— Assignment —
Scan the lines below for "close" and copy the matches.

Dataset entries
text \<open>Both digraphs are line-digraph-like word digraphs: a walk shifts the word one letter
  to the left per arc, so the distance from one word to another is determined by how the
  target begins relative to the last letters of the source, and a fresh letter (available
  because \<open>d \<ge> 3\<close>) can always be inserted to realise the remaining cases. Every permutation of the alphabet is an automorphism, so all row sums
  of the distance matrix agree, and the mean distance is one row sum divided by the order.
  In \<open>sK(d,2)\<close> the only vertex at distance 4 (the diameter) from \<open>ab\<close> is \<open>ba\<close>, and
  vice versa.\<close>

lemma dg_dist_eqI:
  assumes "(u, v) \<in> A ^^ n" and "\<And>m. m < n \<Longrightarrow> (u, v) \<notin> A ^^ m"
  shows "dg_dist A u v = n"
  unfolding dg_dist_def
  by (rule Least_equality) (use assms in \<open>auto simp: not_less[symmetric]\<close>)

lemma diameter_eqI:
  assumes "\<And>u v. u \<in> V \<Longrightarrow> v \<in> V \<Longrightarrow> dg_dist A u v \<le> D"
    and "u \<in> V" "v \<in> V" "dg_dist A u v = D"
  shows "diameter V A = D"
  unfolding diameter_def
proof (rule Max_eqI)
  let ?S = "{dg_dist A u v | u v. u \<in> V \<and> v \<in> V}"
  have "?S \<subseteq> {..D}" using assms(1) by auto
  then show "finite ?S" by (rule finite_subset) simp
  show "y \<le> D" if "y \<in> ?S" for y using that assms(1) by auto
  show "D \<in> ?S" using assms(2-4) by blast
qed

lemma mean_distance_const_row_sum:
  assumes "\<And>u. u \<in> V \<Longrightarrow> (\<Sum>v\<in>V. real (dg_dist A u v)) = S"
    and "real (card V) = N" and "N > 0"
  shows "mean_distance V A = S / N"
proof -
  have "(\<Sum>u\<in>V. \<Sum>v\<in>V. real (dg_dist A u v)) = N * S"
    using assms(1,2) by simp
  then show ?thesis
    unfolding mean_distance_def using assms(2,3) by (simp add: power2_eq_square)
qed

* * *

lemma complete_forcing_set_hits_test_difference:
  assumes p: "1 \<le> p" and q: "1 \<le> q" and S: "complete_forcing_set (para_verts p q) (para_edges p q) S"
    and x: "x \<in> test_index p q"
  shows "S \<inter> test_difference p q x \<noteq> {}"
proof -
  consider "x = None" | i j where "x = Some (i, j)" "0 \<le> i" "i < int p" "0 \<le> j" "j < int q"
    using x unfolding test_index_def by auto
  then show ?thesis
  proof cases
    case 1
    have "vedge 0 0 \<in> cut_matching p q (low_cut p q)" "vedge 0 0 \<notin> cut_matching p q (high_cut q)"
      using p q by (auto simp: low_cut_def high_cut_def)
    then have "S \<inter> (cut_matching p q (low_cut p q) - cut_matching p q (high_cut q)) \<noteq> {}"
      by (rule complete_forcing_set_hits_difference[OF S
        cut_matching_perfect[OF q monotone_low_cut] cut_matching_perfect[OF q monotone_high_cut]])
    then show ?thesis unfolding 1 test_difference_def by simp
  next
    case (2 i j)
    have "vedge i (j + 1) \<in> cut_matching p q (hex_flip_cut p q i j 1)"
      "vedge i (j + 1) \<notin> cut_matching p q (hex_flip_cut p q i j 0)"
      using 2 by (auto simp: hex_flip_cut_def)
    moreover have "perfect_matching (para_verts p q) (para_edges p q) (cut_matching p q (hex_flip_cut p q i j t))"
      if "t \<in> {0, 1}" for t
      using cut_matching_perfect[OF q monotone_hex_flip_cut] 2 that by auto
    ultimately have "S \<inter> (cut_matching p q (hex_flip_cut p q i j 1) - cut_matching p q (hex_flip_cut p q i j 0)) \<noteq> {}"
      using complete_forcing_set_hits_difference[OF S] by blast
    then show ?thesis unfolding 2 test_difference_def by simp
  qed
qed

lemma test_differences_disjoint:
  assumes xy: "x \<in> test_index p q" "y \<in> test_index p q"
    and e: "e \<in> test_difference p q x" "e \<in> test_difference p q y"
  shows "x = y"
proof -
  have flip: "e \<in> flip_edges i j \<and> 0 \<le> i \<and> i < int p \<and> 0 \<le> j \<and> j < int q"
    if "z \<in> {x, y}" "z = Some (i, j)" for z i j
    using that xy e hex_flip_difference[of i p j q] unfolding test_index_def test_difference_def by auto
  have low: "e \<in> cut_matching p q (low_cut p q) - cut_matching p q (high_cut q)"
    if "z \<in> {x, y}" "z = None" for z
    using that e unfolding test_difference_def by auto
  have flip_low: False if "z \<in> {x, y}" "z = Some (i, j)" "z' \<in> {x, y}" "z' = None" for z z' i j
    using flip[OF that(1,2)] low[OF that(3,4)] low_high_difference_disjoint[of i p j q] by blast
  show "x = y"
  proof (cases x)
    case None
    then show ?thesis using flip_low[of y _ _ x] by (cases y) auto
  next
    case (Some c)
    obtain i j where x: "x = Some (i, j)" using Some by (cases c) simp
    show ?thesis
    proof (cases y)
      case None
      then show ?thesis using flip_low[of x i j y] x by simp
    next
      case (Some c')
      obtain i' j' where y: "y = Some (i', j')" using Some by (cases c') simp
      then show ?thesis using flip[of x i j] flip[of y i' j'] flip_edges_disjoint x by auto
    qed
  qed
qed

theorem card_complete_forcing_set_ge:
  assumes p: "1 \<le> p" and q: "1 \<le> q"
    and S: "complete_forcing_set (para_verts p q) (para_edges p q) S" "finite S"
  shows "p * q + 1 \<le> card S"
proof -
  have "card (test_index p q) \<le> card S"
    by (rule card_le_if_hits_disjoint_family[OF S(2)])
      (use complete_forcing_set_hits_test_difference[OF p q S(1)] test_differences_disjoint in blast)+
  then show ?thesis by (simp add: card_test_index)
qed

— Answer box —
  because \<open>d \<ge> 3\<close>) can always be inserted to realise the remaining cases. Every permutation of the alphabet is an automorphism, so all row sums
  In \<open>sK(d,2)\<close> the only vertex at distance 4 (the diameter) from \<open>ab\<close> is \<open>ba\<close>, and
  vice versa.\<close>
  by (rule Least_equality) (use assms in \<open>auto simp: not_less[symmetric]\<close>)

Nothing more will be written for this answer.